• What the task asks: Scan the entries below, and for each line that includes the word "boundary", make a copy.

• Data shown:
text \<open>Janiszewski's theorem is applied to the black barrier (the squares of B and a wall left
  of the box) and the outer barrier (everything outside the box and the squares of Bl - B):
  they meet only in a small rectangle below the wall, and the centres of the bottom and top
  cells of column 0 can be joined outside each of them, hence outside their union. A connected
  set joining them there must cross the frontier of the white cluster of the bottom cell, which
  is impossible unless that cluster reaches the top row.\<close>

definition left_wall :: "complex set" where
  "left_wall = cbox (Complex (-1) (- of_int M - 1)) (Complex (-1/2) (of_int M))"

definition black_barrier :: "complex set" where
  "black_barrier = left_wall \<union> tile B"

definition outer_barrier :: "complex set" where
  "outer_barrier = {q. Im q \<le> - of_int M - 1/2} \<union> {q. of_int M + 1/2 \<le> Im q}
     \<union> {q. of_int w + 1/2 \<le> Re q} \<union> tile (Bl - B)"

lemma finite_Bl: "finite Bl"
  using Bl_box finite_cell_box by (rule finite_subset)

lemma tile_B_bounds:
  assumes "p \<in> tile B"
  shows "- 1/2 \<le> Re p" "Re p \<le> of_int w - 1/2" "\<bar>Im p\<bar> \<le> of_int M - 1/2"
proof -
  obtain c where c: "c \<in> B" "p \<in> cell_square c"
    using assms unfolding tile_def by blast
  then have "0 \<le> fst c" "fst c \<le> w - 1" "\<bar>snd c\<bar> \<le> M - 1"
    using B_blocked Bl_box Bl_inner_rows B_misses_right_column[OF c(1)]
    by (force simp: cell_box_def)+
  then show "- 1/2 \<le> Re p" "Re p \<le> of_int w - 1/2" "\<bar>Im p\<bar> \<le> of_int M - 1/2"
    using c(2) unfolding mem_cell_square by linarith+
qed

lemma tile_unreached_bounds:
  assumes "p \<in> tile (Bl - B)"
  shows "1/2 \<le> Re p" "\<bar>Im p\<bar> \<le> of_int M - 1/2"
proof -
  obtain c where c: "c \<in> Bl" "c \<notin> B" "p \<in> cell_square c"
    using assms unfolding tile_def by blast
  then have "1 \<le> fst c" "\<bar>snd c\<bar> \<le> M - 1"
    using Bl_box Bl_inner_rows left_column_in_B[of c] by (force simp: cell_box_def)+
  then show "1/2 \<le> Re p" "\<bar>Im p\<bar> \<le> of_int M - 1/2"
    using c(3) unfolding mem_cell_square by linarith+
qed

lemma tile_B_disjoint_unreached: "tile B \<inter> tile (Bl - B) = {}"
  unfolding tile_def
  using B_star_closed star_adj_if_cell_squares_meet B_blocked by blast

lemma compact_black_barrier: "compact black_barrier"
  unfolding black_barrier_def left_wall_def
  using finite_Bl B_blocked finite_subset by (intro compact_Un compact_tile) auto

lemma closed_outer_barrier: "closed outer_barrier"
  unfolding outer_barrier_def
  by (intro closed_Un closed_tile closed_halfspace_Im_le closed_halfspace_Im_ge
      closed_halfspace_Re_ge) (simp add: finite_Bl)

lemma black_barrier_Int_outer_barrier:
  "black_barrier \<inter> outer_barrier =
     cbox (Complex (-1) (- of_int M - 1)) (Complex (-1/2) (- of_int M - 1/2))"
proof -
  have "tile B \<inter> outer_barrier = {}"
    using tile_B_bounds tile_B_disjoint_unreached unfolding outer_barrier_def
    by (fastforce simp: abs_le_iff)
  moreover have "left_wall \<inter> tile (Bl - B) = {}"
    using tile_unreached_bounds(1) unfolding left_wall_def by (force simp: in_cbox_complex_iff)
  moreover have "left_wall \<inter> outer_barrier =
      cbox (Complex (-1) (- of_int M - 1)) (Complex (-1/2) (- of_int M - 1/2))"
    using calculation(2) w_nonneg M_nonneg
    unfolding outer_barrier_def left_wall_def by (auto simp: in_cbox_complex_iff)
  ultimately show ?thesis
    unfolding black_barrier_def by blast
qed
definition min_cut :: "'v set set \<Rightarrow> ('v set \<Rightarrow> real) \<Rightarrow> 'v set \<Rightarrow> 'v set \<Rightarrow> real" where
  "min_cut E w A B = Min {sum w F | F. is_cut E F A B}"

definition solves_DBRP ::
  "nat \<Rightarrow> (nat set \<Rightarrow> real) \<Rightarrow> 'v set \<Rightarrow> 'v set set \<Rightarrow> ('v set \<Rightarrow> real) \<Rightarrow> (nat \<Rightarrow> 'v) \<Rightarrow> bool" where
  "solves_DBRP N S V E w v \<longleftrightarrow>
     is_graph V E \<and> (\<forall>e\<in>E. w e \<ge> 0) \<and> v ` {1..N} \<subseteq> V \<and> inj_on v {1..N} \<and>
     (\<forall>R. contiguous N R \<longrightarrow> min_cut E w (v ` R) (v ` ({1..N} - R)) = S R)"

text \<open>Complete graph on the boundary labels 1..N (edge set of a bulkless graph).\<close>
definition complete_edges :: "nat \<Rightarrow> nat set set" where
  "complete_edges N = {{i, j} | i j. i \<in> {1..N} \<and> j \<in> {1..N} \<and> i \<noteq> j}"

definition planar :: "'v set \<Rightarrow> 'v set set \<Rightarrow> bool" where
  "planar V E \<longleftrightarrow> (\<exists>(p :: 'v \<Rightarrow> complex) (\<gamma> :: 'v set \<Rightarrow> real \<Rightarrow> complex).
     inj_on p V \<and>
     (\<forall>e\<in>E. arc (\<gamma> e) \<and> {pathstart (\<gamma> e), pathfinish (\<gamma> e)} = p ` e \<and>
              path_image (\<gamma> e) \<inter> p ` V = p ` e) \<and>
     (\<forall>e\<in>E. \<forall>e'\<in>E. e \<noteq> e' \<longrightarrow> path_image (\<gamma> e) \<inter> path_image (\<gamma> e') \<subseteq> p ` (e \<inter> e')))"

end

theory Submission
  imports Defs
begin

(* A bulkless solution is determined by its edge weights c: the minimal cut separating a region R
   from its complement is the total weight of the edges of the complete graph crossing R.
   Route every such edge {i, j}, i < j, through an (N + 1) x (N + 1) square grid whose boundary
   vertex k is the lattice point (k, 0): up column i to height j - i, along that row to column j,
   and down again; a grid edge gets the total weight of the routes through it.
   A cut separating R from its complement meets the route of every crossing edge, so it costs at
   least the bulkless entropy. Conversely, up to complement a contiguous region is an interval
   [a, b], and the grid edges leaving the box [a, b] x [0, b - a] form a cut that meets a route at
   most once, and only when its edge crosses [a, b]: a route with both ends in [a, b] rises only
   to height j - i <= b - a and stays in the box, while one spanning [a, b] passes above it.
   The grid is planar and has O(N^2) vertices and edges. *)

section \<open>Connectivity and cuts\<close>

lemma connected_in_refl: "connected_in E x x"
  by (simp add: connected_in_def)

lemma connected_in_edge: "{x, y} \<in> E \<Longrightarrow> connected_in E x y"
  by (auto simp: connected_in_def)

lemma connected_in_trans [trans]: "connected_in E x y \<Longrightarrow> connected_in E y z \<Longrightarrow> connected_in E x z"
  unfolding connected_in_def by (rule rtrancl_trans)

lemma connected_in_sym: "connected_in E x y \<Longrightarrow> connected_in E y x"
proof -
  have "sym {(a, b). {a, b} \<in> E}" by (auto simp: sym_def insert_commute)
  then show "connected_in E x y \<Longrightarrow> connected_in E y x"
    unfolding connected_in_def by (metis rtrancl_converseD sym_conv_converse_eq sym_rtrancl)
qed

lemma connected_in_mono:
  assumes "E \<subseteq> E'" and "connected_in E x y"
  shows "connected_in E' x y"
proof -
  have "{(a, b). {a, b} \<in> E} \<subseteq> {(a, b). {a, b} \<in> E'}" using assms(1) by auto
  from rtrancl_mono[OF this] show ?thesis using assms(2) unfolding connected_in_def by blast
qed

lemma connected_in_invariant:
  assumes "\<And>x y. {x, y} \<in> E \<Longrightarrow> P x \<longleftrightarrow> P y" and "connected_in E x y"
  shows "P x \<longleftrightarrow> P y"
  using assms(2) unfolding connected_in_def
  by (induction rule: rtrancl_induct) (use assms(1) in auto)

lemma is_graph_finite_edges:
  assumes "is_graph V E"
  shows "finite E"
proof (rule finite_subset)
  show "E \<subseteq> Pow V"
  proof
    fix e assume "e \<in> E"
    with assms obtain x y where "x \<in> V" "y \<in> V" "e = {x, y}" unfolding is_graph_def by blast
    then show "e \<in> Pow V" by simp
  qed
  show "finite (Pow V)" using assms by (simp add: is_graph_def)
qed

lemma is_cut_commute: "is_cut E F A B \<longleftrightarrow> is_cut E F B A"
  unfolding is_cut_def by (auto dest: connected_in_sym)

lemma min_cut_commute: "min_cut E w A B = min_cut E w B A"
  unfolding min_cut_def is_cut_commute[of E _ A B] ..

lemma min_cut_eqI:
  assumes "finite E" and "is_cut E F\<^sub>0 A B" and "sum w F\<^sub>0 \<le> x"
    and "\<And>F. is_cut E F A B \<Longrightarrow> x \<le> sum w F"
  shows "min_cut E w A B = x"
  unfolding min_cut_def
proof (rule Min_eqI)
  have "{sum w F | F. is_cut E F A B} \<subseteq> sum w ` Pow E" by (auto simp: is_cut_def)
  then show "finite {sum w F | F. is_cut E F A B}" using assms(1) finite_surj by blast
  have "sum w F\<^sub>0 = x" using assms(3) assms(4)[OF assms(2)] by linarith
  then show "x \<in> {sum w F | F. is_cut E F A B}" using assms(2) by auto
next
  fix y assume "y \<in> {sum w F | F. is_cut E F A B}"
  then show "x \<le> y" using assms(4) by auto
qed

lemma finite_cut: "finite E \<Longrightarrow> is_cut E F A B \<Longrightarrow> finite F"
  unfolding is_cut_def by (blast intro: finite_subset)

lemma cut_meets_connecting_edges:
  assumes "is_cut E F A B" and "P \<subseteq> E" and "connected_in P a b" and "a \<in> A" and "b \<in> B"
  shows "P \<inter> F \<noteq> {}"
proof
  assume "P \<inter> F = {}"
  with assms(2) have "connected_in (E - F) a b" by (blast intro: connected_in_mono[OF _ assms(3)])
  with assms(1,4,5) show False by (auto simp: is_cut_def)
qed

==

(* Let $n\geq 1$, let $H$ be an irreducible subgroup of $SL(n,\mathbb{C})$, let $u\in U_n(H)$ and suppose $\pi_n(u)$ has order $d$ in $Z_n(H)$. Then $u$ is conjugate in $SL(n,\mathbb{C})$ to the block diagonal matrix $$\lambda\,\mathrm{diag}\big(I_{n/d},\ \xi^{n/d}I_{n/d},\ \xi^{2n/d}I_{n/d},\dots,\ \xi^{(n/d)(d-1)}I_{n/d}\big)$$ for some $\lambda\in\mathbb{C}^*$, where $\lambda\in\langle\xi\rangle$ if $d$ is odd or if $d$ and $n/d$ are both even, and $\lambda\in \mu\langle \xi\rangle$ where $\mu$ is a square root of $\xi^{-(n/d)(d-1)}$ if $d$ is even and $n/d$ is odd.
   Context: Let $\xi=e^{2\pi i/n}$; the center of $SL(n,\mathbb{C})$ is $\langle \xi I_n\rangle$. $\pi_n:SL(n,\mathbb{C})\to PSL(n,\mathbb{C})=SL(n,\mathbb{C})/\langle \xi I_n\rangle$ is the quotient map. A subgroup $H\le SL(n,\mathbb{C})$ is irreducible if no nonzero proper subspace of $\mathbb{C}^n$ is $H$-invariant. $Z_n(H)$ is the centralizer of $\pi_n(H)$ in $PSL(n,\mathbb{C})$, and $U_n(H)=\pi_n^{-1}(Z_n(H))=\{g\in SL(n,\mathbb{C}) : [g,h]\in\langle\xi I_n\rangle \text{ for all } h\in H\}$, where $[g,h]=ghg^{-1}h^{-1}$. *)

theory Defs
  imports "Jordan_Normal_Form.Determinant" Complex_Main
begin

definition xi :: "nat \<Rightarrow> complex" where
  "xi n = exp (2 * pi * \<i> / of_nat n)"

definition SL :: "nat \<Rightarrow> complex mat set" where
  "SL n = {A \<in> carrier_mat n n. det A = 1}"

---

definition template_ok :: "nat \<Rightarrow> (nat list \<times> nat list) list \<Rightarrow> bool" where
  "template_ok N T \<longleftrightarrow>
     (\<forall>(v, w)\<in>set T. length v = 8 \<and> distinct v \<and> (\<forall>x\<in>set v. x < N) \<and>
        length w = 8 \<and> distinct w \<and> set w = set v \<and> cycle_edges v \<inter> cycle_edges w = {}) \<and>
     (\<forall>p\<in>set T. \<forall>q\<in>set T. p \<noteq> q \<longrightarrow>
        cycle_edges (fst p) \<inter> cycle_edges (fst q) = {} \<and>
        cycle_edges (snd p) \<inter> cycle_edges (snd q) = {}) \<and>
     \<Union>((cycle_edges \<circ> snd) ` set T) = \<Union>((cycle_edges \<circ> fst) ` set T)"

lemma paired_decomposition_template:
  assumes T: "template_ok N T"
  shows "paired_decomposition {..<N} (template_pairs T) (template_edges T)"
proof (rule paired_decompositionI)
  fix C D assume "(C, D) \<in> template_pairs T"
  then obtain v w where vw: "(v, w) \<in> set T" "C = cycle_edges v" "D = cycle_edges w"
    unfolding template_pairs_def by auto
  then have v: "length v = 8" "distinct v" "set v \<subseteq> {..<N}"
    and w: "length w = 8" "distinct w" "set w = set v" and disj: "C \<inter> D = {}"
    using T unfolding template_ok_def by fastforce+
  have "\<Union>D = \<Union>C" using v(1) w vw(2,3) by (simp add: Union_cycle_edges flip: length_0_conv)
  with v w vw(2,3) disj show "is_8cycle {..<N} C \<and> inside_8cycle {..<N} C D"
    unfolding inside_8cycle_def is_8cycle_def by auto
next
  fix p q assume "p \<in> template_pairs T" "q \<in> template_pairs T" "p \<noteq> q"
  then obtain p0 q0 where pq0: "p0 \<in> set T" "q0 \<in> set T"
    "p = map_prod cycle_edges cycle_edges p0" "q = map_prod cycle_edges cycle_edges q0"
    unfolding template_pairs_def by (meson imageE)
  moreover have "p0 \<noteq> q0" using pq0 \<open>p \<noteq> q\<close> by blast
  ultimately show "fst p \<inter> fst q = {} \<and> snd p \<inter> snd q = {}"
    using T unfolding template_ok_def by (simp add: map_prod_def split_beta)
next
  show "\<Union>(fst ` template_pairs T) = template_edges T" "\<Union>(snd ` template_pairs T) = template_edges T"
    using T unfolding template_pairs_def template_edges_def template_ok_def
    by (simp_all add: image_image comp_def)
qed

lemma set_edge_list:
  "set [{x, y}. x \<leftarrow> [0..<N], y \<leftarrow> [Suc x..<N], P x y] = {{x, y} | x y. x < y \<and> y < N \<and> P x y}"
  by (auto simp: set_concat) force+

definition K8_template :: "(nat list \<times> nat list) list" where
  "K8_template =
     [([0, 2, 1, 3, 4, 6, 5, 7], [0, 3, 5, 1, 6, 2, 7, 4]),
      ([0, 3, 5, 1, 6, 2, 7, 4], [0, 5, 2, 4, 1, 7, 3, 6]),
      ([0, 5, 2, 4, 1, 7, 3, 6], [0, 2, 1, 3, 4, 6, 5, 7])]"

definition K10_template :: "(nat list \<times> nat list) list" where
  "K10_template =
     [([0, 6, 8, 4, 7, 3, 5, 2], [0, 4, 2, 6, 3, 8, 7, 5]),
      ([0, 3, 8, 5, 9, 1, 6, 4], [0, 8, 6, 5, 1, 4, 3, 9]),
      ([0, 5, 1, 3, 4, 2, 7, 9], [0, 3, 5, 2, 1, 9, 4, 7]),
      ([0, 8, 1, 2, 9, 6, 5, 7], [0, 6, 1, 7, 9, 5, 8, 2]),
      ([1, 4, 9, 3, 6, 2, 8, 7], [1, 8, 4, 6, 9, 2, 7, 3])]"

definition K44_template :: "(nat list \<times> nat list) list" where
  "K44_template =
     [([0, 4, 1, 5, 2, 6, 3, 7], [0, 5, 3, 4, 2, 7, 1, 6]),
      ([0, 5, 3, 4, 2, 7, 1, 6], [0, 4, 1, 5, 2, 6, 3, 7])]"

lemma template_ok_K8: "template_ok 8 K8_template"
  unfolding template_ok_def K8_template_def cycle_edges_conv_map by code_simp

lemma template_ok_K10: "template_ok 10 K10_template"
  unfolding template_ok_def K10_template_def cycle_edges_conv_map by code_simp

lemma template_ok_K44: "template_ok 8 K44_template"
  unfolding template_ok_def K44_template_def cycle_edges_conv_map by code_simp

• Worked solution:
text \<open>Complete graph on the boundary labels 1..N (edge set of a bulkless graph).\<close>
   Route every such edge {i, j}, i < j, through an (N + 1) x (N + 1) square grid whose boundary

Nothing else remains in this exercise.